# Margaritaville vacation club



## Vacationfuntips (Nov 2, 2013)

Information regarding the NEW MARGARITAVILLE VACATION CLUB is now available on Wyndham's Vacation ownership website.  You log-in to your account and click on  "Help and Learn"  and then click on the Online Learning Center and then click on "Understanding Ownership".  Under Additional Topics is information regarding MARGARITAVILLE VACATION CLUB...

Cynthia T.


----------



## vacationhopeful (Nov 2, 2013)

Okay --- I only found a reference to good look for 230+ pages of the new directory covering the resorts ...
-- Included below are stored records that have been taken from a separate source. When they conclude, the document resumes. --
lemma inj_on_inner: "inj_on (inner v) C"
proof
  fix x y assume "x \<in> C" "y \<in> C" and eq: "inner v x = inner v y"
  obtain f h where hom: "homeomorphism {0..1::real} C f h"
    and mono: "\<forall>a\<in>{0..1}. \<forall>b\<in>{0..1}. a < b \<longrightarrow> inner v (f a) < inner v (f b)"
    using dir_monotone unfolding dir_monotone_def by blast
  have "h x \<in> {0..1}" "f (h x) = x" "h y \<in> {0..1}" "f (h y) = y"
    using hom \<open>x \<in> C\<close> \<open>y \<in> C\<close> by (auto simp: homeomorphism_def)
  with mono eq have "h x = h y"
    by (metis linorder_neqE_linordered_idom less_irrefl)
  with \<open>f (h x) = x\<close> \<open>f (h y) = y\<close> show "x = y" by metis
qed

lemma compact: "compact C"
  using dir_monotone unfolding dir_monotone_def
  by (metis compact_Icc compact_continuous_image homeomorphism_cont1 homeomorphism_image1)

text \<open>Since \<open>inner v x = Re (cnj v * x)\<close>, the map \<open>x \<mapsto> cnj v * x\<close> rotates \<open>v\<close> onto the
  first axis; \<open>lift\<close> recovers a point of \<open>C\<close> from its first coordinate and \<open>height\<close> is its
  second coordinate.\<close>

definition lift :: "real \<Rightarrow> complex" where
  "lift = inv_into C (inner v)"

lemma lift_inner [simp]: "x \<in> C \<Longrightarrow> lift (inner v x) = x"
  unfolding lift_def using inj_on_inner by simp

lemma inner_lift [simp]: "t \<in> inner v ` C \<Longrightarrow> inner v (lift t) = t"
  unfolding lift_def by (simp add: f_inv_into_f)

lemma lift_in: "t \<in> inner v ` C \<Longrightarrow> lift t \<in> C"
  unfolding lift_def by (rule inv_into_into)

lemma continuous_on_lift: "continuous_on (inner v ` C) lift"
  by (rule continuous_on_inv[OF _ compact]) (auto intro: continuous_intros)

definition height :: "real \<Rightarrow> real" where
  "height t = Im (cnj v * lift t)"

lemma arc_in_curve:
  assumes "g \<in> set gs" shows "path_image g \<subseteq> C" "circular_arc g" "arc g"
  using assms circular_curve unfolding circular_curve_def circular_arc_def by auto

lemma inner_image_arc:
  assumes "g \<in> set gs" shows "inner v ` path_image g = {proj_lo v g..proj_hi v g}"
proof -
  have "inner v ` path_image g = (inner v \<circ> g) ` closed_segment 0 1"
    by (simp add: path_image_def closed_segment_eq_real_ivl image_comp)
  also have "\<dots> = closed_segment ((inner v \<circ> g) 0) ((inner v \<circ> g) 1)"
  proof (rule continuous_injective_image_segment_1)
    show "continuous_on (closed_segment 0 1) (inner v \<circ> g)"
      using arc_in_curve(3)[OF assms]
      by (auto simp: arc_def path_def closed_segment_eq_real_ivl intro!: continuous_intros)
    have "inj_on (inner v) (g ` {0..1})"
      using inj_on_subset[OF inj_on_inner arc_in_curve(1)[OF assms]] by (simp add: path_image_def)
    with arc_in_curve(3)[OF assms] show "inj_on (inner v \<circ> g) (closed_segment 0 1)"
      by (auto simp: arc_def closed_segment_eq_real_ivl intro: comp_inj_on)
  qed
  also have "\<dots> = {proj_lo v g..proj_hi v g}"
    by (auto simp: proj_lo_def proj_hi_def pathstart_def pathfinish_def closed_segment_eq_real_ivl)
  finally show ?thesis .
qed

lemma inner_pathstart_neq_pathfinish:
  assumes "g \<in> set gs" shows "inner v (pathstart g) \<noteq> inner v (pathfinish g)"
  using arc_distinct_ends[OF arc_in_curve(3)[OF assms]] arc_in_curve(1)[OF assms]
    inj_on_inner by (metis inj_on_contraD pathstart_in_path_image pathfinish_in_path_image subsetD)

lemma proj_arc_subset: "g \<in> set gs \<Longrightarrow> {proj_lo v g..proj_hi v g} \<subseteq> inner v ` C"
  using inner_image_arc arc_in_curve(1) by blast

lemma lift_in_arc:
  assumes "g \<in> set gs" "t \<in> {proj_lo v g..proj_hi v g}" shows "lift t \<in> path_image g"
proof -
  obtain x where "x \<in> path_image g" "t = inner v x"
    using assms inner_image_arc by blast
  with arc_in_curve(1)[OF assms(1)] show ?thesis by auto
qed

lemma inner_in_proj_interior:
  assumes "g \<in> set gs" "x \<in> path_image g" "x \<notin> {pathstart g, pathfinish g}"
  shows "inner v x \<in> {proj_lo v g<..<proj_hi v g}"
proof -
  have "inner v x \<noteq> inner v y" if "y \<in> {pathstart g, pathfinish g}" for y
    using that assms inj_on_inner arc_in_curve(1)[OF assms(1)]
    by (metis inj_onD insertE empty_iff pathstart_in_path_image pathfinish_in_path_image subsetD)
  then have "inner v x \<noteq> inner v (pathstart g)" "inner v x \<noteq> inner v (pathfinish g)"
    by auto
  moreover have "inner v x \<in> {proj_lo v g..proj_hi v g}"
    using inner_image_arc[OF assms(1)] assms(2) by blast
  ultimately show ?thesis
    unfolding proj_lo_def proj_hi_def by (auto simp: min_def max_def)
qed

lemma arcs_inter_subset_endpoints:
  assumes "g \<in> set gs" "h \<in> set gs" "g \<noteq> h"
  shows "path_image g \<inter> path_image h \<subseteq> {pathstart g, pathfinish g}"
proof -
  obtain i j where "i < length gs" "gs ! i = g" "j < length gs" "gs ! j = h"
    using assms(1,2) by (meson in_set_conv_nth)
  with assms(3) circular_curve show ?thesis
    unfolding circular_curve_def by blast
qed

\<comment> \<open>The projections of distinct arcs overlap at most in an endpoint, since otherwise the lift of
  a whole interval would lie in the finite intersection of the two arcs.\<close>
lemma arc_eq_if_proj_overlap:
  assumes "g \<in> set gs" "h \<in> set gs"
    and "s \<in> {proj_lo v g..<proj_hi v g}" "s \<in> {proj_lo v h..<proj_hi v h}"
  shows "g = h"
proof (rule ccontr)
  assume "g \<noteq> h"
  define u where "u = min (proj_hi v g) (proj_hi v h)"
  have J: "{s<..<u} \<subseteq> {proj_lo v g..proj_hi v g} \<inter> {proj_lo v h..proj_hi v h}"
    using assms(3,4) unfolding u_def by auto
  have "lift ` {s<..<u} \<subseteq> path_image g \<inter> path_image h"
    using J lift_in_arc[OF assms(1)] lift_in_arc[OF assms(2)] by blast
  then have "lift ` {s<..<u} \<subseteq> {pathstart g, pathfinish g}"
    using arcs_inter_subset_endpoints[OF assms(1,2) \<open>g \<noteq> h\<close>] by blast
  then have "finite (lift ` {s<..<u})"
    by (rule finite_subset) simp
  moreover have "inj_on lift {s<..<u}"
  proof (rule inj_on_inverseI[of _ "inner v"])
    show "inner v (lift t) = t" if "t \<in> {s<..<u}" for t
      using that J proj_arc_subset[OF assms(1)] by (metis IntD1 inner_lift subsetD)
  qed
  ultimately have "finite {s<..<u}"
    using finite_image_iff by blast
  moreover have "s < u"
    using assms(3,4) unfolding u_def by auto
  ultimately show False
    using infinite_Ioo by blast
qed

lemma continuous_on_height: "continuous_on (inner v ` C) height"
  unfolding height_def by (intro continuous_intros continuous_on_lift)

lemma Re_cnj_mult_lift: "t \<in> inner v ` C \<Longrightarrow> Re (cnj v * lift t) = t"
  using inner_lift by (simp add: inner_complex_eq_Re_cnj_mult)

lemma height_on_circular_arc:
  assumes "g \<in> set gs" "path_image g \<subseteq> sphere c r"
  shows "\<forall>t\<in>{proj_lo v g..proj_hi v g}.
           (t - Re (cnj v * c))\<^sup>2 + (height t - Im (cnj v * c))\<^sup>2 = r\<^sup>2"
proof
  fix t assume t: "t \<in> {proj_lo v g..proj_hi v g}"
  have "norm (lift t - c) = r"
    using assms(2) lift_in_arc[OF assms(1) t] by (auto simp: dist_norm norm_minus_commute)
  then have "(norm (cnj v * lift t - cnj v * c))\<^sup>2 = r\<^sup>2"
    using norm_v by (simp add: norm_mult flip: right_diff_distrib)
  then have eq: "(Re (cnj v * lift t) - Re (cnj v * c))\<^sup>2 + (Im (cnj v * lift t) - Im (cnj v * c))\<^sup>2 = r\<^sup>2"
    by (simp only: cmod_power2 minus_complex.simps)
  have "Re (cnj v * lift t) = t"
    using Re_cnj_mult_lift proj_arc_subset[OF assms(1)] t by blast
  with eq show "(t - Re (cnj v * c))\<^sup>2 + (height t - Im (cnj v * c))\<^sup>2 = r\<^sup>2"
    unfolding height_def by simp
qed

lemma height_on_straight_arc:
  assumes "g \<in> set gs" "path_image g = closed_segment (pathstart g) (pathfinish g)"
  shows "\<exists>a b. \<forall>t\<in>{proj_lo v g..proj_hi v g}. height t = a * t + b"
proof -
  define A where "A = cnj v * pathstart g"
  define B where "B = cnj v * pathfinish g"
  define e where "e = Re B - Re A"
  have "e \<noteq> 0"
    using inner_pathstart_neq_pathfinish[OF assms(1)]
    unfolding e_def A_def B_def inner_complex_eq_Re_cnj_mult by simp
  define a where "a = (Im B - Im A) / e"
  define b where "b = Im A - Re A * a"
  have "height t = a * t + b" if t: "t \<in> {proj_lo v g..proj_hi v g}" for t
  proof -
    obtain u where u: "lift t = (1 - u) *\<^sub>R pathstart g + u *\<^sub>R pathfinish g"
      using lift_in_arc[OF assms(1) t] assms(2) unfolding closed_segment_def by blast
    have z: "cnj v * lift t = of_real (1 - u) * A + of_real u * B"
      unfolding u A_def B_def by (simp add: scaleR_conv_of_real algebra_simps)
    have "t = Re (cnj v * lift t)"
      using Re_cnj_mult_lift proj_arc_subset[OF assms(1)] t by (metis subsetD)
    also have "\<dots> = Re A + u * e"
      unfolding z e_def by (simp add: algebra_simps)
    finally have hu: "u = (t - Re A) / e"
      using \<open>e \<noteq> 0\<close> by (simp add: field_simps)
    have "height t = Im A + u * (Im B - Im A)"
      unfolding height_def z by (simp add: algebra_simps)
    then show ?thesis
      using hu unfolding a_def b_def by (simp add: divide_simps algebra_simps)
  qed
  then show ?thesis by blast
qed

lemma circular_graph_on_height:
  assumes "g \<in> set gs" shows "circular_graph_on {proj_lo v g..proj_hi v g} height"
  using arc_in_curve(2)[OF assms] unfolding circular_arc_def circular_graph_on_def
  by (metis height_on_circular_arc[OF assms] height_on_straight_arc[OF assms])

end

section \<open>Counting proper intersections\<close>

locale monotone_circular_curve_pair =
  A: monotone_circular_curve v gs C + B: monotone_circular_curve v gs' C' for v gs C gs' C'
begin

definition vertices :: "complex set" where
  "vertices = arc_vertices gs \<union> arc_vertices gs'"

definition overlap :: "(real \<Rightarrow> complex) \<Rightarrow> (real \<Rightarrow> complex) \<Rightarrow> real set" where
  "overlap g g' = {max (proj_lo v g) (proj_lo v g')<..<min (proj_hi v g) (proj_hi v g')}"

definition overlapping_pairs :: "((real \<Rightarrow> complex) \<times> (real \<Rightarrow> complex)) set" where
  "overlapping_pairs = {(g, g'). g \<in> set gs \<and> g' \<in> set gs' \<and> overlap g g' \<noteq> {}}"

definition crossings :: "(real \<Rightarrow> complex) \<Rightarrow> (real \<Rightarrow> complex) \<Rightarrow> complex set" where
  "crossings g g' = A.lift ` isolated_coincidences (overlap g g') A.height B.height"

lemma finite_vertices: "finite vertices"
  by (simp add: vertices_def arc_vertices_def)

lemma endpoints_in_vertices:
  "g \<in> set gs \<or> g \<in> set gs' \<Longrightarrow> pathstart g \<in> vertices \<and> pathfinish g \<in> vertices"
  by (auto simp: vertices_def arc_vertices_def)

lemma overlap_subset_proj:
  "overlap g g' \<subseteq> {proj_lo v g..proj_hi v g}" "overlap g g' \<subseteq> {proj_lo v g'..proj_hi v g'}"
  unfolding overlap_def by auto

lemma overlap_subset_inner_image:
  assumes "g \<in> set gs" "g' \<in> set gs'"
  shows "overlap g g' \<subseteq> inner v ` C" "overlap g g' \<subseteq> inner v ` C'"
  using overlap_subset_proj A.proj_arc_subset[OF assms(1)] B.proj_arc_subset[OF assms(2)] by blast+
You know anything more and from what source?

Thank you,


----------



## ronparise (Nov 2, 2013)

Linda follow the path that cynthiastime laid out and you come to this:
click on "Help and Learn" 
 then click on the Online Learning Center 
 then click on "Understanding Ownership". 
Under Additional Topics is information regarding 
MARGARITAVILLE VACATION CLUB

MARGARITAVILLE VACATION CLUB®
What is it?

Margaritaville Vacation Club logoMargaritaville Vacation Club® is a way of vacationing designed around the laid back, adventurous lifestyle of Jimmy Buffett and the fun and escapism of Margaritaville.
Introduced in late 2013, Margaritaville Vacation Club provides owners a blend of enviable benefits, specially designed accommodations, and experiences that promise changes in attitudes.

Tell me more

Margaritaville Vacation Club owners will receive points annually which allow you to travel to Margaritaville Vacation Club resorts or to one of the over 75 resorts within CLUB WYNDHAM® Plus.
The points based system allows owners the flexibility to choose when, where, what size accommodations and for how long they want to travel.

How does this work?

Margaritaville Vacation Club owners have an Advance Reservation Priority (ARP), which allows you to confirm a reservation from 13-11 months in advance of your check-in date at your “home” resort. If additional resorts are added to Margaritaville Vacation Club, then owners will enjoy access to these resorts 11-10 months prior to arrival.*
Reservations made within the Advance Reservation Priority window are subject to availability, and can only be made using points associated with your Margaritaville Vacation Club ownership.
Margaritaville Vacation Club owners within CLUB WYNDHAM Plus are eligible to request a reservation (10 months prior to check-in) at any of the more than 75 resort locations listed in the “Your Resort Collection” section of the CLUB WYNDHAM Plus Member’s Directory, pages 12-233.
During the St. Somewhere Society Privilege Period, from 10 months to the date of arrival, up to 50 percent of unreserved Standard Margaritaville Vacation Club inventory may be held back for the exclusive access of Margaritaville Vacation Club Standard owners, subject to availability.
For more information regarding your exclusive Margaritaville Vacation Club owner benefits, visit the benefits page.


----------



## ronparise (Nov 2, 2013)

heres something from the 3rd quarter earnings call

When we sold the platinum points package to Jimmy Buffett during his recent visit to our Bonnet Creek property in Orlando where by the way he did pay full-price. We began telesales for Margaritaville Vacation Club by Wyndham and have a full large schedule for the first quarter of next year.


----------



## scootr5 (Nov 2, 2013)

ronparise said:


> heres something from the 3rd quarter earnings call
> 
> When we sold the platinum points package to Jimmy Buffett during his recent visit to our Bonnet Creek property in Orlando where by the way he did pay full-price.



He needs to get some better financial advisors....


----------



## scootr5 (Nov 2, 2013)

ronparise said:


> During the St. Somewhere Society Privilege Period, from 10 months to the date of arrival, up to 50 percent of unreserved Standard Margaritaville Vacation Club inventory may be held back for the exclusive access of Margaritaville Vacation Club Standard owners, subject to availability.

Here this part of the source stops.